Sponsored by Elizabethtown College, Franklin and Marshall College, Lebanon Valley College, and Millersville University
16 September: Ziva Myer, Bryn Mawr College 14 October: Vince Coll, Lehigh University 4 November: Carl Droms, James Madison University 2 December: Evan Folkestad, Franklin and Marshall CollegeTGTS is a regional mathematics seminar/colloquium. We meet at 4:30 p.m. on the first Friday of each month during the academic year (with some exceptions, as noted in the schedule above). The public is cordially invited to attend.

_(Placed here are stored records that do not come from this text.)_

lemma Ms_indicator_le: "Ms s (indicator {0..1}) x \<le> ennreal (if \<bar>x\<bar> \<le> 2 then 1 else 2 / \<bar>x\<bar>)"
  unfolding Ms_def
proof (intro Sup_least, clarify)
  fix a b \<phi> assume ab: "a < b" and x: "x \<in> {a..b}" and \<phi>: "\<phi> \<in> Fs s a b"
  define I where "I = (LINT y:{a..b}|lborel. indicator {0..1} y * \<phi> y)"
  have "ennreal \<bar>indicator {a..b} y *\<^sub>R (indicator {0..1} y * \<phi> y)\<bar> \<le> indicator ({a..b} \<inter> {0..1}) y" for y
    using Fs_abs_le_1[OF \<phi> ab, of y] by (auto simp: indicator_def abs_mult)
  then have "ennreal \<bar>I\<bar> \<le> (\<integral>\<^sup>+ y. indicator ({a..b} \<inter> {0..1}) y \<partial>lborel)"
    unfolding I_def set_lebesgue_integral_def
    by (intro order.trans[OF abs_integral_le_nn_integral] nn_integral_mono)
  also have "\<dots> = emeasure lborel ({a..b} \<inter> {0..1})"
    by (rule nn_integral_indicator) simp
  finally have I: "ennreal \<bar>I\<bar> \<le> emeasure lborel ({a..b} \<inter> {0..1})" .
  have "ennreal \<bar>I\<bar> \<le> emeasure lborel {a..b}"
    using order.trans[OF I emeasure_mono[of "{a..b} \<inter> {0..1}" "{a..b}" lborel]] by simp
  then have "\<bar>I\<bar> / (b - a) \<le> 1"
    using ab by simp
  moreover have "\<bar>I\<bar> / (b - a) \<le> 2 / \<bar>x\<bar>" if "2 < \<bar>x\<bar>"
  proof (cases "{a..b} \<inter> {0..1} = {}")
    case True
    then show ?thesis using I by simp
  next
    case False
    then obtain y where "y \<in> {a..b}" "y \<in> {0..1}" by blast
    then have "\<bar>x\<bar> / 2 \<le> b - a" using x that by auto
    have "ennreal \<bar>I\<bar> \<le> emeasure lborel {0..1::real}"
      using order.trans[OF I emeasure_mono[of "{a..b} \<inter> {0..1}" "{0..1}" lborel]] by simp
    then have "\<bar>I\<bar> \<le> 1" by simp
    then show "\<bar>I\<bar> / (b - a) \<le> 2 / \<bar>x\<bar>"
      using \<open>\<bar>x\<bar> / 2 \<le> b - a\<close> that frac_le[of 1 "\<bar>I\<bar>" "\<bar>x\<bar> / 2" "b - a"] by simp
  qed
  ultimately show "ennreal (\<bar>I\<bar> / (b - a)) \<le> ennreal (if \<bar>x\<bar> \<le> 2 then 1 else 2 / \<bar>x\<bar>)"
    by (auto intro: ennreal_leI)
qed

lemma psi_t_eq_normal_density: "0 < t \<Longrightarrow> psi_t t (y - z) = normal_density y (t / sqrt (2 * pi)) z"
proof -
  assume t: "0 < t"
  have s: "(t / sqrt (2 * pi))\<^sup>2 = t\<^sup>2 / (2 * pi)" by (simp add: power_divide)
  have "sqrt (2 * pi * (t / sqrt (2 * pi))\<^sup>2) = t" using t by (simp add: s)
  moreover have "- (z - y)\<^sup>2 / (2 * (t / sqrt (2 * pi))\<^sup>2) = - pi * ((y - z) / t)\<^sup>2"
    using t by (simp add: s power_divide power2_commute field_simps)
  ultimately show ?thesis
    by (simp add: psi_t_def psi_def normal_density_def)
qed

lemma psi_t_nonneg: "0 < t \<Longrightarrow> 0 \<le> psi_t t v"
  by (simp add: psi_t_def psi_def)

lemma psi_t_le: "0 < t \<Longrightarrow> psi_t t v \<le> 1 / t"
  by (simp add: psi_t_def psi_def divide_right_mono)

lemma psi_t_le_decay:
  assumes t: "0 < t" and v: "v \<noteq> 0"
  shows "psi_t t v \<le> t / (pi * v\<^sup>2)"
proof -
  define w where "w = pi * (v / t)\<^sup>2"
  have w: "0 < w" using t v by (simp add: w_def)
  have "exp (- w) = 1 / exp w" by (simp add: exp_minus inverse_eq_divide)
  also have "\<dots> \<le> 1 / w"
  proof (rule divide_left_mono)
    show "w \<le> exp w" using exp_ge_add_one_self[of w] by linarith
  qed (use w in auto)
  finally have "exp (- w) \<le> 1 / w" .
  have "psi_t t v = exp (- w) / t"
    by (simp add: psi_t_def psi_def w_def)
  also have "\<dots> \<le> (1 / w) / t"
    by (rule divide_right_mono[OF \<open>exp (- w) \<le> 1 / w\<close>]) (use t in simp)
  also have "\<dots> = t / (pi * v\<^sup>2)"
    using t v by (simp add: w_def power_divide field_simps power2_eq_square)
  finally show ?thesis .
qed

lemma psi_t_le_far:
  assumes t: "0 < t" and xy: "\<bar>x - y\<bar> \<le> t" and x: "4 < \<bar>x\<bar>" and z: "z \<in> {0..1}"
  shows "psi_t t (y - z) \<le> 8 / \<bar>x\<bar>"
proof (cases "\<bar>x\<bar> / 2 \<le> t")
  case True
  have "psi_t t (y - z) \<le> 1 / t" by (rule psi_t_le[OF t])
  also have "\<dots> \<le> 1 / (\<bar>x\<bar> / 2)" using True x by (intro divide_left_mono) auto
  also have "\<dots> \<le> 8 / \<bar>x\<bar>" using x by (simp add: field_simps)
  finally show ?thesis .
next
  case False
  \<comment> \<open>\<open>y\<close> lies within \<open>t < |x|/2\<close> of \<open>x\<close>, hence at distance \<open>\<ge> |x|/4\<close> from \<open>[0,1]\<close>\<close>
  have far: "\<bar>x\<bar> / 4 \<le> \<bar>y - z\<bar>" using xy z x False by (auto simp: abs_if split: if_splits)
  have "psi_t t (y - z) \<le> t / (pi * (y - z)\<^sup>2)"
    using far x by (intro psi_t_le_decay[OF t]) auto
  also have "\<dots> \<le> (\<bar>x\<bar> / 2) / (1 * (\<bar>x\<bar> / 4)\<^sup>2)"
  proof (intro frac_le)
    have "(\<bar>x\<bar> / 4)\<^sup>2 \<le> (y - z)\<^sup>2"
      using far x by (metis abs_le_square_iff abs_divide abs_abs abs_numeral)
    also have "\<dots> \<le> pi * (y - z)\<^sup>2"
      using pi_gt3 mult_right_mono[of 1 pi "(y - z)\<^sup>2"] by simp
    finally show "1 * (\<bar>x\<bar> / 4)\<^sup>2 \<le> pi * (y - z)\<^sup>2" by simp
  qed (use False x in auto)
  also have "\<dots> = 8 / \<bar>x\<bar>" using x by (simp add: power2_eq_square field_simps)
  finally show ?thesis .
qed

lemma nt_max_indicator_le: "nt_max (indicator {0..1}) x \<le> ennreal (if \<bar>x\<bar> \<le> 8 then 1 else 8 / \<bar>x\<bar>)"
  unfolding nt_max_def
proof (intro Sup_least, clarify)
  fix t y assume t: "0 < t" and xy: "\<bar>x - y\<bar> \<le> t"
  define I where "I = (LINT z|lborel. psi_t t (y - z) * indicator {0..1} z)"
  have "ennreal \<bar>psi_t t (y - z) * indicator {0..1} z\<bar> = ennreal (psi_t t (y - z)) * indicator {0..1} z" for z
    using psi_t_nonneg[OF t] by (auto simp: indicator_def)
  then have I: "ennreal \<bar>I\<bar> \<le> (\<integral>\<^sup>+ z. ennreal (psi_t t (y - z)) * indicator {0..1} z \<partial>lborel)"
    unfolding I_def using abs_integral_le_nn_integral[of lborel "\<lambda>z. psi_t t (y - z) * indicator {0..1} z"]
    by simp
  have "(\<integral>\<^sup>+ z. ennreal (psi_t t (y - z)) * indicator {0..1} z \<partial>lborel)
      \<le> (\<integral>\<^sup>+ z. ennreal (normal_density y (t / sqrt (2 * pi)) z) \<partial>lborel)"
    using t by (intro nn_integral_mono) (auto simp: psi_t_eq_normal_density indicator_def)
  also have "\<dots> = ennreal 1"
    using t by (subst nn_integral_eq_integral)
      (auto intro!: integrable_normal_density simp: integral_normal_density)
  finally have "\<bar>I\<bar> \<le> 1"
    using I by (auto dest: order.trans)
  moreover have "\<bar>I\<bar> \<le> 8 / \<bar>x\<bar>" if x: "4 < \<bar>x\<bar>"
  proof -
    have "psi_t t (y - z) \<le> 8 / \<bar>x\<bar>" if "z \<in> {0..1}" for z
      using psi_t_le_far[OF t xy x that] .
    then have "(\<integral>\<^sup>+ z. ennreal (psi_t t (y - z)) * indicator {0..1} z \<partial>lborel)
        \<le> (\<integral>\<^sup>+ z. ennreal (8 / \<bar>x\<bar>) * indicator {0..1::real} z \<partial>lborel)"
      by (intro nn_integral_mono) (auto simp: indicator_def intro!: ennreal_leI)
    also have "\<dots> = ennreal (8 / \<bar>x\<bar>)" by (simp add: nn_integral_cmult_indicator)
    finally show ?thesis
      using I x by (auto dest: order.trans)
  qed
  ultimately show "ennreal \<bar>I\<bar> \<le> ennreal (if \<bar>x\<bar> \<le> 8 then 1 else 8 / \<bar>x\<bar>)"
    by (auto intro: ennreal_leI)
qed

lemma Hp_loc_indicator:
  assumes "0 < d" "d \<le> 1" "d \<le> p / 2"
  shows "Hp_loc p (power_weight d) (indicator {0..1})"
proof -
  have integrable: "integrable lborel (indicator {0..1::real} :: real \<Rightarrow> real)"
    by (intro integrable_real_indicator) auto
  have "set_integrable lborel {a..b} (indicator {0..1} :: real \<Rightarrow> real)" for a b
    unfolding set_integrable_def by (rule integrable_mult_indicator[OF _ integrable]) simp
  moreover have "wnorm p (power_weight d) (nt_max (indicator {0..1})) \<le> ennreal ((4 * 8 / d) powr (1 / p))"
    by (rule wnorm_power_weight_decay_le[OF assms]) (auto simp: nt_max_indicator_le)
  then have "wnorm p (power_weight d) (nt_max (indicator {0..1})) < top"
    using ennreal_less_top le_less_trans by blast
  ultimately show ?thesis
    using integrable unfolding Hp_loc_def loc_int_def by (auto intro!: exI[of _ 0])
qed

section \<open>Hilbert transform of the indicator of \<open>[0,1]\<close>\<close>

lemma set_integral_inverse_diff:
  fixes c e x :: real
  assumes "c \<le> e" "x \<notin> {c..e}"
  shows "set_integrable lborel {c..e} (\<lambda>y. 1 / (x - y))"
    and "(LINT y:{c..e}|lborel. 1 / (x - y)) = ln \<bar>x - c\<bar> - ln \<bar>x - e\<bar>"
proof -
  define s :: real where "s = (if e < x then 1 else -1)"
  have pos: "s * (x - y) = \<bar>x - y\<bar>" "0 < \<bar>x - y\<bar>" if "y \<in> {c..e}" for y
    using assms that by (auto simp: s_def)
  have "continuous_on {c..e} (\<lambda>y. 1 / (x - y))"
    using pos(2) by (intro continuous_intros) auto
  then show integrable: "set_integrable lborel {c..e} (\<lambda>y. 1 / (x - y))"
    unfolding set_integrable_def by (intro borel_integrable_compact) auto
  have "((\<lambda>y. 1 / (x - y)) has_integral (- ln (s * (x - e)) - - ln (s * (x - c)))) {c..e}"
  proof (rule fundamental_theorem_of_calculus[OF assms(1)])
    fix y assume "y \<in> {c..e}"
    then have "0 < s * (x - y)" using pos by auto
    then have "s * y < s * x" "s * x - s * y \<noteq> 0" "x - y \<noteq> 0" by (auto simp: right_diff_distrib)
    then show "((\<lambda>y. - ln (s * (x - y))) has_vector_derivative 1 / (x - y)) (at y within {c..e})"
      unfolding has_real_derivative_iff_has_vector_derivative[symmetric]
      by (auto intro!: derivative_eq_intros simp: field_simps)
  qed
  then show "(LINT y:{c..e}|lborel. 1 / (x - y)) = ln \<bar>x - c\<bar> - ln \<bar>x - e\<bar>"
    using set_borel_integral_eq_integral(2)[OF integrable] assms(1) pos(1)[of c] pos(1)[of e]
    by (simp add: integral_unique)
qed

lemma set_integral_indicator_divide:
  fixes x :: real
  shows "(LINT y:S|lborel. indicator A y / (x - y)) = (LINT y:S \<inter> A|lborel. 1 / (x - y))"
  unfolding set_lebesgue_integral_def by (simp add: indicator_inter_arith)

lemma truncated_hilbert_indicator:
  fixes x :: real
  assumes "x \<noteq> 0" "x \<noteq> 1"
  shows "\<forall>\<^sub>F \<epsilon> in at_right 0.
    (LINT y:{y. \<epsilon> < \<bar>x - y\<bar> \<and> \<bar>x - y\<bar> < 1 / \<epsilon>}|lborel. indicator {0..1} y / (x - y))
      = ln \<bar>x\<bar> - ln \<bar>x - 1\<bar>"
proof (cases "x \<in> {0..1}")
  case True
  then have x: "0 < x" "x < 1" using assms by auto
  show ?thesis
  proof (rule eventually_at_rightI[of 0 "min (min x (1 - x)) (1 / 2)"])
    fix \<epsilon> :: real assume "\<epsilon> \<in> {0<..<min (min x (1 - x)) (1 / 2)}"
    then have \<epsilon>: "0 < \<epsilon>" "\<epsilon> < x" "\<epsilon> < 1 - x" "2 < 1 / \<epsilon>" by (auto simp: field_simps)
    define S where "S = {y. \<epsilon> < \<bar>x - y\<bar> \<and> \<bar>x - y\<bar> < 1 / \<epsilon>}"
    have "AE y in lborel. y \<noteq> x - \<epsilon> \<and> y \<noteq> x + \<epsilon>"
      using AE_lborel_singleton[of "x - \<epsilon>"] AE_lborel_singleton[of "x + \<epsilon>"] by eventually_elim auto
    then have ae: "AE y in lborel. y \<in> {0..x - \<epsilon>} \<union> {x + \<epsilon>..1} \<longleftrightarrow> y \<in> S \<inter> {0..1}"
      by eventually_elim (use \<epsilon> in \<open>auto simp: S_def abs_if\<close>)
    have "(LINT y:S|lborel. indicator {0..1} y / (x - y)) = (LINT y:S \<inter> {0..1}|lborel. 1 / (x - y))"
      by (rule set_integral_indicator_divide)
    also have "\<dots> = (LINT y:{0..x - \<epsilon>} \<union> {x + \<epsilon>..1}|lborel. 1 / (x - y))"
      by (rule set_integral_cong_set[OF _ _ ae]) (unfold set_borel_measurable_def S_def, measurable)+
    also have "\<dots> = (LINT y:{0..x - \<epsilon>}|lborel. 1 / (x - y)) + (LINT y:{x + \<epsilon>..1}|lborel. 1 / (x - y))"
      using \<epsilon> by (intro set_integral_Un_AE set_integral_inverse_diff(1)) auto
    also have "\<dots> = ln \<bar>x\<bar> - ln \<bar>x - 1\<bar>"
      using \<epsilon> by (simp add: set_integral_inverse_diff(2))
    finally show "(LINT y:{y. \<epsilon> < \<bar>x - y\<bar> \<and> \<bar>x - y\<bar> < 1 / \<epsilon>}|lborel. indicator {0..1} y / (x - y))
      = ln \<bar>x\<bar> - ln \<bar>x - 1\<bar>" unfolding S_def .
  qed (use x in auto)
next
  case False
  define r where "r = min \<bar>x\<bar> \<bar>x - 1\<bar>"
  have r: "0 < r" using assms by (auto simp: r_def)
  show ?thesis
  proof (rule eventually_at_rightI[of 0 "min r (1 / (\<bar>x\<bar> + 1))"])
    fix \<epsilon> :: real assume "\<epsilon> \<in> {0<..<min r (1 / (\<bar>x\<bar> + 1))}"
    then have \<epsilon>: "0 < \<epsilon>" "\<epsilon> < r" "\<bar>x\<bar> + 1 < 1 / \<epsilon>" by (auto simp: field_simps)
    have "{y. \<epsilon> < \<bar>x - y\<bar> \<and> \<bar>x - y\<bar> < 1 / \<epsilon>} \<inter> {0..1} = {0..1}"
      using False \<epsilon> by (auto simp: r_def abs_if)
    then show "(LINT y:{y. \<epsilon> < \<bar>x - y\<bar> \<and> \<bar>x - y\<bar> < 1 / \<epsilon>}|lborel. indicator {0..1} y / (x - y))
      = ln \<bar>x\<bar> - ln \<bar>x - 1\<bar>"
      using False by (simp add: set_integral_indicator_divide set_integral_inverse_diff(2))
  qed (use r in auto)
qed
interpretation enc: ol_embedding set_encode set_decode S13.closed_subspaces
proof
  show "ortholattice S13.closed_subspaces" by (rule S13.ortholattice_closed_subspaces)
  fix X assume "X \<in> ol_carrier S13.closed_subspaces"
  then have "X \<subseteq> {..<13}" unfolding S13.closed_subspaces_def using S13.orth_subset by force
  then have "finite X" using finite_subset by blast
  then show "set_decode (set_encode X) = X" by (rule set_encode_inverse)
qed

definition L13 :: "nat ol_struct" where
  "L13 = ol_transport set_encode set_decode S13.closed_subspaces"

lemma orthomodular_L13: "orthomodular L13"
  unfolding L13_def using orthomodular_closed_subspaces by (rule enc.orthomodular_T)

lemma not_nOA_law_L13: "\<not> nOA_law L13 n"
proof
  assume law: "nOA_law L13 n"
  interpret L13: OL L13
    unfolding L13_def by unfold_locales (rule enc.ortholattice_T)
  have "set_encode X \<in> ol_carrier L13" if "X \<in> ol_carrier S13.closed_subspaces" for X
    using that unfolding L13_def by (simp add: enc.carrier_T)
  then have "oa3_instance L13 (set_encode {0}) (set_encode {7}) (set_encode {5, 8, 10, 12})"
    using L13.oa3_instance_of_nOA_law[OF law] witnesses_closed by blast
  then show False
    using oa3_fails enc.oa3_instance_T[OF witnesses_closed] unfolding L13_def by blast
qed

theorem theorem4p4:
  shows "\<forall>n::nat. n \<ge> 3 \<longrightarrow>
     (\<forall>L :: 'a ol_struct. ortholattice L \<and> nOA_law L n \<longrightarrow> orthomodular L) \<and>
     (\<exists>L :: nat ol_struct. orthomodular L \<and> \<not> nOA_law L n)"
proof (rule allI, rule impI, rule conjI)
  fix n :: nat
  show "\<forall>L :: 'a ol_struct. ortholattice L \<and> nOA_law L n \<longrightarrow> orthomodular L"
    using OL.orthomodular_of_nOA_law OL.intro by blast
  show "\<exists>L :: nat ol_struct. orthomodular L \<and> \<not> nOA_law L n"
    using orthomodular_L13 not_nOA_law_L13 by blast
qed

end
lemma growth_time_has_derivative:
  assumes "a < y"
  shows "(growth_time a has_real_derivative time_rate y) (at y)"
proof -
  have "((\<lambda>x. integral {a..x} time_rate) has_real_derivative time_rate y) (at y within {a..y+1})"
    by (rule integral_has_real_derivative)
      (use assms continuous_on_subset[OF continuous_on_time_rate] in auto)
  moreover have "at y within {a..y+1} = at y" using assms by (intro at_within_Icc_at) auto
  ultimately show ?thesis unfolding growth_time_def by simp
qed

lemma isCont_growth_time: "a < y \<Longrightarrow> isCont (growth_time a) y"
  using growth_time_has_derivative DERIV_isCont by blast

lemma growth_time_strict_mono:
  assumes "a < y" "y < z"
  shows "growth_time a y < growth_time a z"
proof (rule DERIV_pos_imp_increasing[OF assms(2)])
  fix x assume "y \<le> x" "x \<le> z"
  then show "\<exists>D. (growth_time a has_real_derivative D) (at x) \<and> 0 < D"
    using assms growth_time_has_derivative[of a x] time_rate_pos[of x] by auto
qed

lemma growth_time_le_iff:
  "a < y \<Longrightarrow> a < z \<Longrightarrow> growth_time a y \<le> growth_time a z \<longleftrightarrow> y \<le> z"
  using growth_time_strict_mono[of a y z] growth_time_strict_mono[of a z y]
  by (cases y z rule: linorder_cases) auto

lemma growth_time_eq_iff:
  "a < y \<Longrightarrow> a < z \<Longrightarrow> growth_time a y = growth_time a z \<longleftrightarrow> y = z"
  using growth_time_le_iff[of a y z] growth_time_le_iff[of a z y] by auto

lemma growth_time_increment_ge:
  assumes "a < y" "y \<le> z"
  shows "(z - y) * time_rate y \<le> growth_time a z - growth_time a y"
proof -
  have "growth_time a y - y * time_rate y \<le> growth_time a z - z * time_rate y"
  proof (rule DERIV_nonneg_imp_nondecreasing[OF assms(2)])
    fix s assume "y \<le> s" "s \<le> z"
    then show "\<exists>D. ((\<lambda>s. growth_time a s - s * time_rate y) has_real_derivative D) (at s) \<and> 0 \<le> D"
      using assms growth_time_has_derivative[of a s] time_rate_mono[of y s]
      by (intro exI[of _ "time_rate s - time_rate y"]) (auto intro!: derivative_eq_intros)
  qed
  then show ?thesis by (simp add: algebra_simps)
qed

lemma growth_time_increment_mono:
  assumes "a < y" "y \<le> w" "0 \<le> c"
  shows "growth_time a (y + c) - growth_time a y \<le> growth_time a (w + c) - growth_time a w"
proof (rule DERIV_nonneg_imp_nondecreasing[OF assms(2)])
  fix s assume s: "y \<le> s" "s \<le> w"
  have "((\<lambda>s. growth_time a (s + c) - growth_time a s) has_real_derivative
      time_rate (s + c) * 1 - time_rate s) (at s)"
    using assms s growth_time_has_derivative[of a s] growth_time_has_derivative[of a "s + c"]
    by (intro derivative_intros DERIV_chain2[of "growth_time a"])
      (auto intro!: derivative_eq_intros)
  moreover have "0 \<le> time_rate (s + c) * 1 - time_rate s"
    using time_rate_mono[of s "s + c"] assms by simp
  ultimately show "\<exists>D. ((\<lambda>s. growth_time a (s + c) - growth_time a s)
      has_real_derivative D) (at s) \<and> 0 \<le> D"
    by blast
qed

lemma growth_time_exceeds:
  assumes "a < y"
  obtains z where "y < z" "growth_time a y + 1 < growth_time a z"
proof
  define z where "z = y + 1 / time_rate y + 1"
  show "y < z" unfolding z_def using time_rate_pos[of y] by (simp add: add_pos_pos)
  have "(z - y) * time_rate y \<le> growth_time a z - growth_time a y"
    using growth_time_increment_ge[of a y z] assms \<open>y < z\<close> by simp
  moreover have "(z - y) * time_rate y = 1 + time_rate y"
    unfolding z_def using time_rate_pos[of y] by (simp add: field_simps)
  ultimately show "growth_time a y + 1 < growth_time a z" using time_rate_pos[of y] by simp
qed

lemma inv_into_growth_time_eq:
  assumes "a < b" "x \<in> {b..z}"
  shows "inv_into {b..z} (growth_time a) (growth_time a x) = x"
proof -
  have "inj_on (growth_time a) {b..z}"
  proof (rule inj_onI)
    fix u v assume "u \<in> {b..z}" "v \<in> {b..z}" "growth_time a u = growth_time a v"
    then show "u = v" using assms growth_time_eq_iff[of a u v] by simp
  qed
  then show ?thesis using assms by (simp add: inv_into_f_f)
qed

Date: 14 October 2016, 4:30pm Location: Hempfield High School, Room 213 Speaker: Vincent E. Coll Title: Seaweed and poset algebras -- synergies and cohomology Abstract. Part I, Seaweeds. In my previous talk, I introduced seaweed algebras as subalgebras of An = sl(n) and examined certain newly discovered spectral invariants. We have extended the work to the symplectic Type-C case, Cn = sp(2n), and have strong indications of what is true in all other cases – these cases corresponding to the simple Lie algebras in the grand classification. One finds, curiously, that these spectral properties are not unique to Frobenious seaweed subalgebras of the simple Lie algebras. It seems that these properties are shared by certain Lie poset algebras recently introduced by myself and Gerstenhaber in the J. Lie Theory article: Cohomology of Lie semidirect products and poset algebras (2016). Part II, Posets. These Lie poset algebras are concrete matrix algebras and they stand at the nexus of three great cohomology theories: simplicial, the algebraic cohomology of Hochshild, and the Lie algebraic cohomology of Chevalley-Eilenberg. More explicitly, now classic results of Gerstenhaber and Schack elegantly established that simplicial cohomology is a special case of algebraic cohomology. That is, associated to each triangulable space, there is an associative matrix algebra whose algebraic cohomology is the same as the simplicial cohomology of the original space. These matrix algebras are also Lie algebras and therefore have a Lie algebra cohomology which controls their deformations as Lie algebras. We can establish that the latter cohomology is also essentially simplicial and that the deformation theory of these Lie poset algebras is analogous to that of complex analytic manifolds for which this theory is a small model.